Our US GAAP EPS is expected to be in the range of $0.07 to $0.09. And our non-GAAP EPS forecast, excluding an aggregate $1 million of equity-based compensation expenses net of taxes, is expected to be in the range of $0.12 to $0.14 per share.
Operator, you can now open the floor for questions.
Operator
Thank you. We will now begin the question-and-answer session. (Operator Instructions). The first question come from Gary Mobley from Benchmark.
Gary Mobley - Analyst
Good morning, gentlemen.
Gideon Wertheizer - CEO
Morning.
Yaniv Arieli - CFO
Good morning, Gary.
Gary Mobley - Analyst
Good afternoon I guess in your case. I was hoping to delve a little bit deeper into your long-term agreement with a cellular infrastructure provider for the CEVA XC.
First, I'm wondering why that wouldn't help elevate your license revenue for the June quarter above the normal range. And then I guess more importantly, what are the long-term implications for the adoption of XC by this OEM? And is it primarily for ASIC-type development work for the OEM? Does it have broader implications which would include the FPGA suppliers and any other merchant supplier for this particular market?
Yaniv Arieli - CFO
So, Gary, let me start with the financial [part] and give Gideon to [strategy]. Overall, this deal is recognized over the next couple of quarters, and it all depends on the percentage completion of our R&D team to adopt the feature set for the XC.
If we would have recognized it all upfront, it would be above the high end of our guidance. So, this is going to be just over time.
We don't know exactly what the pace of the work would be. We believe it should end by the end of the year. So, it gives us some leverage and some buffer. But, we don't know exactly the pace.
So, it's out there. It's in sort of the backlog for the next couple of quarters. And we'll see how it does, although we do not want to take a specific dollar amount because it all involves the R&D progress at the end of the quarter.
Gideon Wertheizer - CEO
Gary, let me take the strategic implication. What is important to note about this deal that this specific customer is not just a big customer. Indeed, it's a big customer. It's also an influencer, meaning that I believe that any company, whether it's semiconductor OEMs that plan to be in the newcomers coming into this market to the small cell or backhaul or other form factors in the mobile infrastructure, will know that this customer, this influencer is using CEVA in a very big way.

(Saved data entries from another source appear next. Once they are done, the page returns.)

lemma first_touching_time:
  fixes u v :: "real \<Rightarrow> 'a::topological_space \<Rightarrow> real"
  assumes u_cont: "continuous_on ({0..T} \<times> UNIV) (\<lambda>(t, x). u t x)"
    and v_cont: "continuous_on ({0..T} \<times> UNIV) (\<lambda>(t, x). v t x)"
    and "0 \<le> T" and "compact K"
    and outside: "\<And>t x. t \<in> {0..T} \<Longrightarrow> x \<notin> K \<Longrightarrow> v t x \<le> u t x"
    and initial: "\<And>x. x \<in> K \<Longrightarrow> v 0 x < u 0 x"
    and final: "x1 \<in> K" "u T x1 \<le> v T x1"
  obtains t0 x0 where "t0 \<in> {0<..T}" "x0 \<in> K" "u t0 x0 = v t0 x0"
    "\<And>x. v t0 x \<le> u t0 x" "\<And>t. t \<in> {0..<t0} \<Longrightarrow> v t x0 < u t x0"
proof -
  define S where "S = ({0..T} \<times> K) \<inter> {z \<in> {0..T} \<times> UNIV. u (fst z) (snd z) \<le> v (fst z) (snd z)}"
  have "compact S"
    unfolding S_def
    using u_cont v_cont
    by (intro compact_Int_closed compact_Times compact_Icc \<open>compact K\<close> continuous_on_closed_Collect_le
        closed_Times) (auto simp: case_prod_beta')
  moreover have "(T, x1) \<in> S"
    unfolding S_def using final \<open>0 \<le> T\<close> by simp
  ultimately obtain t0 where "t0 \<in> fst ` S" and t0_min: "\<And>t. t \<in> fst ` S \<Longrightarrow> t0 \<le> t"
    using compact_attains_inf[OF compact_continuous_image[OF continuous_on_fst[OF continuous_on_id]]]
    by (metis empty_iff image_eqI)
  then obtain x0 where "(t0, x0) \<in> S"
    by auto
  then have "t0 \<in> {0..T}" "x0 \<in> K" and below_x0: "u t0 x0 \<le> v t0 x0"
    unfolding S_def by auto
  have before: "v t x < u t x" if "t \<in> {0..<t0}" "x \<in> K" for t x
    using t0_min[of t] that \<open>t0 \<in> {0..T}\<close> unfolding S_def by force
  have "t0 \<noteq> 0"
    using initial[OF \<open>x0 \<in> K\<close>] below_x0 by auto
  then have "0 < t0"
    using \<open>t0 \<in> {0..T}\<close> by simp
  have "v t0 x \<le> u t0 x" for x
  proof (cases "x \<in> K")
    case True
    have "{0..t0} \<subseteq> {0..T}"
      using \<open>t0 \<in> {0..T}\<close> by auto
    then have "continuous_on {0..t0} (\<lambda>t. u t x - v t x)"
      by (intro continuous_on_diff continuous_on_subset[OF continuous_on_Times_fixed_snd[OF u_cont]]
          continuous_on_subset[OF continuous_on_Times_fixed_snd[OF v_cont]] UNIV_I)
    then have "0 \<le> u t0 x - v t0 x"
      by (rule continuous_on_Icc_nonneg_at_right[OF _ \<open>0 < t0\<close>]) (use before[OF _ True] in force)
    then show ?thesis by simp
  qed (use outside \<open>t0 \<in> {0..T}\<close> in auto)
  then show ?thesis
    using \<open>0 < t0\<close> \<open>t0 \<in> {0..T}\<close> \<open>x0 \<in> K\<close> below_x0 before
    by (intro that[of t0 x0]) (auto intro: order.antisym)
qed

lemma exists_scale_above_on_unit_ball:
  fixes w :: "'a::euclidean_space \<Rightarrow> real"
  assumes "continuous_on UNIV w" and "\<And>x. 0 < w x"
  obtains A where "0 < A" "\<And>x. norm x \<le> 1 \<Longrightarrow> c < A * w x"
proof -
  have "\<exists>m\<in>cball 0 1. \<forall>x\<in>cball 0 1. w m \<le> w x"
    by (rule continuous_attains_inf) (auto intro: continuous_on_subset[OF assms(1)])
  then obtain m where w_min: "\<And>x. norm x \<le> 1 \<Longrightarrow> w m \<le> w x"
    by (metis mem_cball_0)
  define A where "A = (\<bar>c\<bar> + 1) / w m"
  have "0 < A"
    unfolding A_def using assms(2)[of m] by simp
  moreover have "c < A * w x" if "norm x \<le> 1" for x
  proof -
    have "c < A * w m"
      unfolding A_def using assms(2)[of m] by simp
    also have "\<dots> \<le> A * w x"
      using w_min[OF that] \<open>0 < A\<close> by simp
    finally show ?thesis .
  qed
  ultimately show ?thesis
    using that by blast
qed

So, I think that's important to notice. And that's the reason that we were -- we agreed to basically take the CEVA XC and extend it further based on customer require. It's not an ASIC project. But, we are taking the XC, and we are changing it.
Gary Mobley - Analyst
Okay. Last question I have relates to the royalty rate per unit. We saw another decline in the quarter. I think that might mark about seven or eight sequential decreases in the royalty rate per unit. For the -- for specifically the March quarter, was the decrease driven by a lower mix of consumer electronics or Nintendo-related royalty units?

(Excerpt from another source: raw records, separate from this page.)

definition b_of :: "(real \<Rightarrow> real) \<Rightarrow> real" where
  "b_of g = Sup {x. g x \<noteq> \<bar>x\<bar>}"

definition gr :: "(real \<Rightarrow> real) \<Rightarrow> (real \<times> real) set" where
  "gr g = {(x, y). a_of g \<le> x \<and> x \<le> b_of g \<and> 0 \<le> y \<and> \<bar>x\<bar> \<le> y \<and> y \<le> g x}"

definition lineD :: "(real \<times> real) set" where
  "lineD = {(t, -t) | t. True}"

definition v_dir :: "real \<Rightarrow> real \<times> real" where
  "v_dir \<alpha> = (1 / norm ((1::real), \<alpha>)) *\<^sub>R (1, \<alpha>)"

definition chord :: "real \<Rightarrow> (real \<times> real) set \<Rightarrow> real \<times> real \<Rightarrow> (real \<times> real) set" where
  "chord \<alpha> K p =
     (if K \<inter> {p + t *\<^sub>R v_dir \<alpha> | t. True} = {} then {}
      else closed_segment p (p + measure lborel {t::real. p + t *\<^sub>R v_dir \<alpha> \<in> K} *\<^sub>R v_dir \<alpha>))"

definition shake_set :: "real \<Rightarrow> (real \<times> real) set \<Rightarrow> (real \<times> real) set" where
  "shake_set \<alpha> K = (\<Union>p\<in>lineD. chord \<alpha> K p)"

end

theory Submission
  imports Defs
begin

(* Write F = F_alpha and shift x = x + delta_x, the map inverted by tau. Since f' <= 1, F rises
   with slope at most 1 - alpha on its increasing branch [x_alpha^+, inf); comparing the two
   points of a level set of F, this makes shift strictly increasing on (-inf, x_alpha^+], with
   derivative >= 1. Hence on (-inf, s_alpha] the function g x - alpha x = F (tau x) is strictly
   decreasing, with derivative F'(tau x) tau'(x) < 0, while g = |.| outside (-a, s_alpha) and
   g > |.| inside. So every line of slope alpha meets gr(g) in a segment starting where it
   crosses y = -x, and a set all of whose sections in the direction v_alpha are segments
   starting on that line is unchanged by shaking. *)

section \<open>Convexity, derivatives and inverses of real functions\<close>

lemma convex_on_deriv_le_slope:
  fixes f :: "real \<Rightarrow> real"
  assumes "convex_on I f" "x \<in> I" "y \<in> I" "x < y" "(f has_real_derivative D) (at x)"
  shows "D \<le> (f y - f x) / (y - x)"
proof (rule tendsto_upperbound)
  show "((\<lambda>t. (f t - f x) / (t - x)) \<longlongrightarrow> D) (at_right x)"
    using assms(5) by (simp add: has_field_derivative_iff filterlim_at_split)
  show "\<forall>\<^sub>F t in at_right x. (f t - f x) / (t - x) \<le> (f y - f x) / (y - x)"
    using eventually_at_right_real[OF \<open>x < y\<close>]
  proof eventually_elim
    case (elim t)
    then have "(f x - f t) / (x - t) \<le> (f x - f y) / (x - y)"
      using convex_on_slope_le(1)[OF assms(1-3)] by auto
    then show ?case by (metis minus_diff_eq minus_divide_divide)
  qed
qed simp

lemma convex_on_slope_le_deriv:
  fixes f :: "real \<Rightarrow> real"
  assumes "convex_on I f" "x \<in> I" "y \<in> I" "x < y" "(f has_real_derivative D) (at y)"
  shows "(f y - f x) / (y - x) \<le> D"
proof (rule tendsto_lowerbound)
  show "((\<lambda>t. (f t - f y) / (t - y)) \<longlongrightarrow> D) (at_left y)"
    using assms(5) by (simp add: has_field_derivative_iff filterlim_at_split)
  show "\<forall>\<^sub>F t in at_left y. (f y - f x) / (y - x) \<le> (f t - f y) / (t - y)"
    using eventually_at_left_real[OF \<open>x < y\<close>]
  proof eventually_elim
    case (elim t)
    then have "(f x - f y) / (x - y) \<le> (f t - f y) / (t - y)"
      using convex_on_slope_le(2)[OF assms(1-3)] by auto
    then show ?case by (metis minus_diff_eq minus_divide_divide)
  qed
qed simp

lemma strictly_convex_on_imp_convex_on:
  "strictly_convex_on S f \<Longrightarrow> convex_on S f"
  unfolding strictly_convex_on_def
  by (intro convex_on_linorderI) (auto intro: less_imp_le)

lemma strictly_convex_on_deriv_less:
  fixes f :: "real \<Rightarrow> real"
  assumes f: "strictly_convex_on S f" and "x \<in> S" "y \<in> S" "x < y"
    and "(f has_real_derivative Dx) (at x)" "(f has_real_derivative Dy) (at y)"
  shows "Dx < Dy"
proof -
  define m where "m = (x + y) / 2"
  have "is_interval S"
    using f by (simp add: strictly_convex_on_def is_interval_convex_1)
  then have "m \<in> S"
    by (rule mem_is_interval_1_I[OF _ assms(2,3)]) (use \<open>x < y\<close> in \<open>auto simp: m_def\<close>)
  have "\<forall>t. x \<noteq> y \<and> 0 < t \<and> t < 1 \<longrightarrow> f ((1 - t) * x + t * y) < (1 - t) * f x + t * f y"
    using f assms(2,3) unfolding strictly_convex_on_def by blast
  from spec[OF this, of "1/2"] have "f m - f x < f y - f m"
    using \<open>x < y\<close> by (simp add: m_def add_divide_distrib)
  then have "(f m - f x) / ((y - x) / 2) < (f y - f m) / ((y - x) / 2)"
    using \<open>x < y\<close> by (intro divide_strict_right_mono) auto
  moreover have "m - x = (y - x) / 2" "y - m = (y - x) / 2"
    by (simp_all add: m_def field_simps)
  ultimately have "(f m - f x) / (m - x) < (f y - f m) / (y - m)"
    by (simp only:)
  moreover have "Dx \<le> (f m - f x) / (m - x)"
    using strictly_convex_on_imp_convex_on[OF f] \<open>x \<in> S\<close> \<open>m \<in> S\<close> \<open>x < y\<close> assms(5)
    by (intro convex_on_deriv_le_slope) (auto simp: m_def)
  moreover have "(f y - f m) / (y - m) \<le> Dy"
    using strictly_convex_on_imp_convex_on[OF f] \<open>y \<in> S\<close> \<open>m \<in> S\<close> \<open>x < y\<close> assms(6)
    by (intro convex_on_slope_le_deriv) (auto simp: m_def)
  ultimately show ?thesis by linarith
qed

lemma DERIV_unique_on_set:
  assumes "(f has_real_derivative D) (at x)" "(g has_real_derivative E) (at x)"
    and "x \<in> S" "at x within S \<noteq> bot" "\<And>y. y \<in> S \<Longrightarrow> f y = g y"
  shows "D = E"
proof (rule has_field_derivative_unique)
  show "(g has_real_derivative D) (at x within S)"
    using has_field_derivative_at_within[OF assms(1)] zero_less_one assms(3)
    by (rule has_field_derivative_transform_within) (use assms(5) in auto)
qed (use assms(2,4) has_field_derivative_at_within in auto)

lemma continuous_on_inverse_Icc:
  fixes h k :: "real \<Rightarrow> real"
  assumes "continuous_on {p..q} h" "p \<le> q" "\<And>x. x \<in> {p..q} \<Longrightarrow> k (h x) = x"
  shows "continuous_on {h p..h q} k"
proof (rule continuous_on_subset)
  show "continuous_on (h ` {p..q}) k" by (rule continuous_on_inv) (use assms in auto)
  show "{h p..h q} \<subseteq> h ` {p..q}"
  proof
    fix y assume "y \<in> {h p..h q}"
    then obtain x where "p \<le> x" "x \<le> q" "h x = y" using IVT'[of h p y q] assms by auto
    then show "y \<in> h ` {p..q}" by auto
  qed
qed

section \<open>Sets fixed by shaking\<close>

lemma closed_segment_eq_ray_image:
  fixes p v :: "'a::real_vector"
  assumes "0 \<le> L"
  shows "closed_segment p (p + L *\<^sub>R v) = (\<lambda>t. p + t *\<^sub>R v) ` {0..L}"
proof -
  have "closed_segment p (p + L *\<^sub>R v) = (+) p ` closed_segment 0 (L *\<^sub>R v)"
    using closed_segment_translation[of p 0 "L *\<^sub>R v"] by simp
  also have "closed_segment 0 (L *\<^sub>R v) = (\<lambda>t. t *\<^sub>R v) ` closed_segment 0 L"
    using closed_segment_linear_image[of "\<lambda>t. t *\<^sub>R v" 0 L] by (simp add: linear_scaleR_left)
  also have "closed_segment 0 L = {0..L}"
    using assms by (simp add: closed_segment_eq_real_ivl)
  finally show ?thesis by (simp add: image_image)
qed

lemma line_point_v_dir:
  "p + t *\<^sub>R v_dir \<alpha> = (fst p + t / norm (1::real, \<alpha>), snd p + \<alpha> * t / norm (1::real, \<alpha>))"
  by (simp add: v_dir_def prod_eq_iff)

lemma chord_eq_Int_line:
  fixes K :: "(real \<times> real) set"
  assumes "\<alpha> \<noteq> -1" and sections: "\<And>c. \<exists>e. {x. (x, \<alpha> * x + c) \<in> K} = {-c / (1 + \<alpha>)..e}"
    and "p \<in> lineD"
  shows "chord \<alpha> K p = K \<inter> {p + t *\<^sub>R v_dir \<alpha> | t. True}"
proof -
  define n where "n = norm (1::real, \<alpha>)"
  have "0 < n" by (simp add: n_def prod_eq_iff)
  obtain t0 where p: "p = (t0, -t0)" using \<open>p \<in> lineD\<close> unfolding lineD_def by auto
  define c where "c = -(1 + \<alpha>) * t0"
  have "t0 = -c / (1 + \<alpha>)" using \<open>\<alpha> \<noteq> -1\<close> by (simp add: c_def field_simps)
  with sections obtain e where e: "{x. (x, \<alpha> * x + c) \<in> K} = {t0..e}" by metis
  define L where "L = n * (e - t0)"
  have on_line: "p + t *\<^sub>R v_dir \<alpha> = (t0 + t / n, \<alpha> * (t0 + t / n) + c)" for t
    by (simp add: line_point_v_dir p c_def n_def algebra_simps)
  have T: "p + t *\<^sub>R v_dir \<alpha> \<in> K \<longleftrightarrow> t \<in> {0..L}" for t
  proof -
    have "p + t *\<^sub>R v_dir \<alpha> \<in> K \<longleftrightarrow> t0 + t / n \<in> {t0..e}"
      unfolding on_line e[symmetric] by simp
    also have "\<dots> \<longleftrightarrow> t \<in> {0..L}"
      using \<open>0 < n\<close> by (auto simp: L_def field_simps)
    finally show ?thesis .
  qed
  have line_section: "K \<inter> {p + t *\<^sub>R v_dir \<alpha> | t. True} = (\<lambda>t. p + t *\<^sub>R v_dir \<alpha>) ` {0..L}"
    using T by auto
  show ?thesis
  proof (cases "0 \<le> L")
    case True
    have "{t. p + t *\<^sub>R v_dir \<alpha> \<in> K} = {0..L}"
      using T by blast
    then have "measure lborel {t. p + t *\<^sub>R v_dir \<alpha> \<in> K} = L"
      using True by simp
    moreover have "K \<inter> {p + t *\<^sub>R v_dir \<alpha> | t. True} \<noteq> {}"
      unfolding line_section using True by auto
    ultimately have "chord \<alpha> K p = closed_segment p (p + L *\<^sub>R v_dir \<alpha>)"
      unfolding chord_def by simp
    also have "\<dots> = (\<lambda>t. p + t *\<^sub>R v_dir \<alpha>) ` {0..L}"
      using True by (rule closed_segment_eq_ray_image)
    finally show ?thesis unfolding line_section .
  next
    case False
    then show ?thesis unfolding chord_def line_section by simp
  qed
qed

lemma lineD_lines_cover:
  fixes z :: "real \<times> real"
  assumes "\<alpha> \<noteq> -1"
  shows "\<exists>p\<in>lineD. z \<in> {p + t *\<^sub>R v_dir \<alpha> | t. True}"
proof -
  obtain x y where z: "z = (x, y)" by fastforce
  define t0 where "t0 = (\<alpha> * x - y) / (1 + \<alpha>)"
  define n where "n = norm (1::real, \<alpha>)"
  have "0 < n" by (simp add: n_def prod_eq_iff)
  have "(t0, -t0) + (n * (x - t0)) *\<^sub>R v_dir \<alpha> = (x, -t0 + \<alpha> * (x - t0))"
    unfolding line_point_v_dir n_def[symmetric] using \<open>0 < n\<close> by simp
  also have "-t0 + \<alpha> * (x - t0) = \<alpha> * x - (1 + \<alpha>) * t0"
    by (simp add: algebra_simps)
  also have "(1 + \<alpha>) * t0 = \<alpha> * x - y"
    using \<open>\<alpha> \<noteq> -1\<close> by (simp add: t0_def)
  finally have "(t0, -t0) + (n * (x - t0)) *\<^sub>R v_dir \<alpha> = z" by (simp add: z)
  moreover have "(t0, -t0) \<in> lineD" by (auto simp: lineD_def)
  ultimately show ?thesis by blast
qed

And then if you could just maybe break out the trends in cellular, did you see an increase in the royalty rate per unit on the cellular side, given an increase in mix of 3G-related units?
Gideon Wertheizer - CEO
Yes, so, overall, you're right with your answer to the question. The mix this quarter is really associated to the consumer stuff. Although it's about 10% of our volume base, speed for the consumer is much higher. And the main reason on the price, the overall price, is the consumer side. You mentioned one of the products, the gaming console. There are some other legacy products, like DVDs, set-top box, that were just weaker in Q -- in the Christmas season, the Q4. And this is what we reported today.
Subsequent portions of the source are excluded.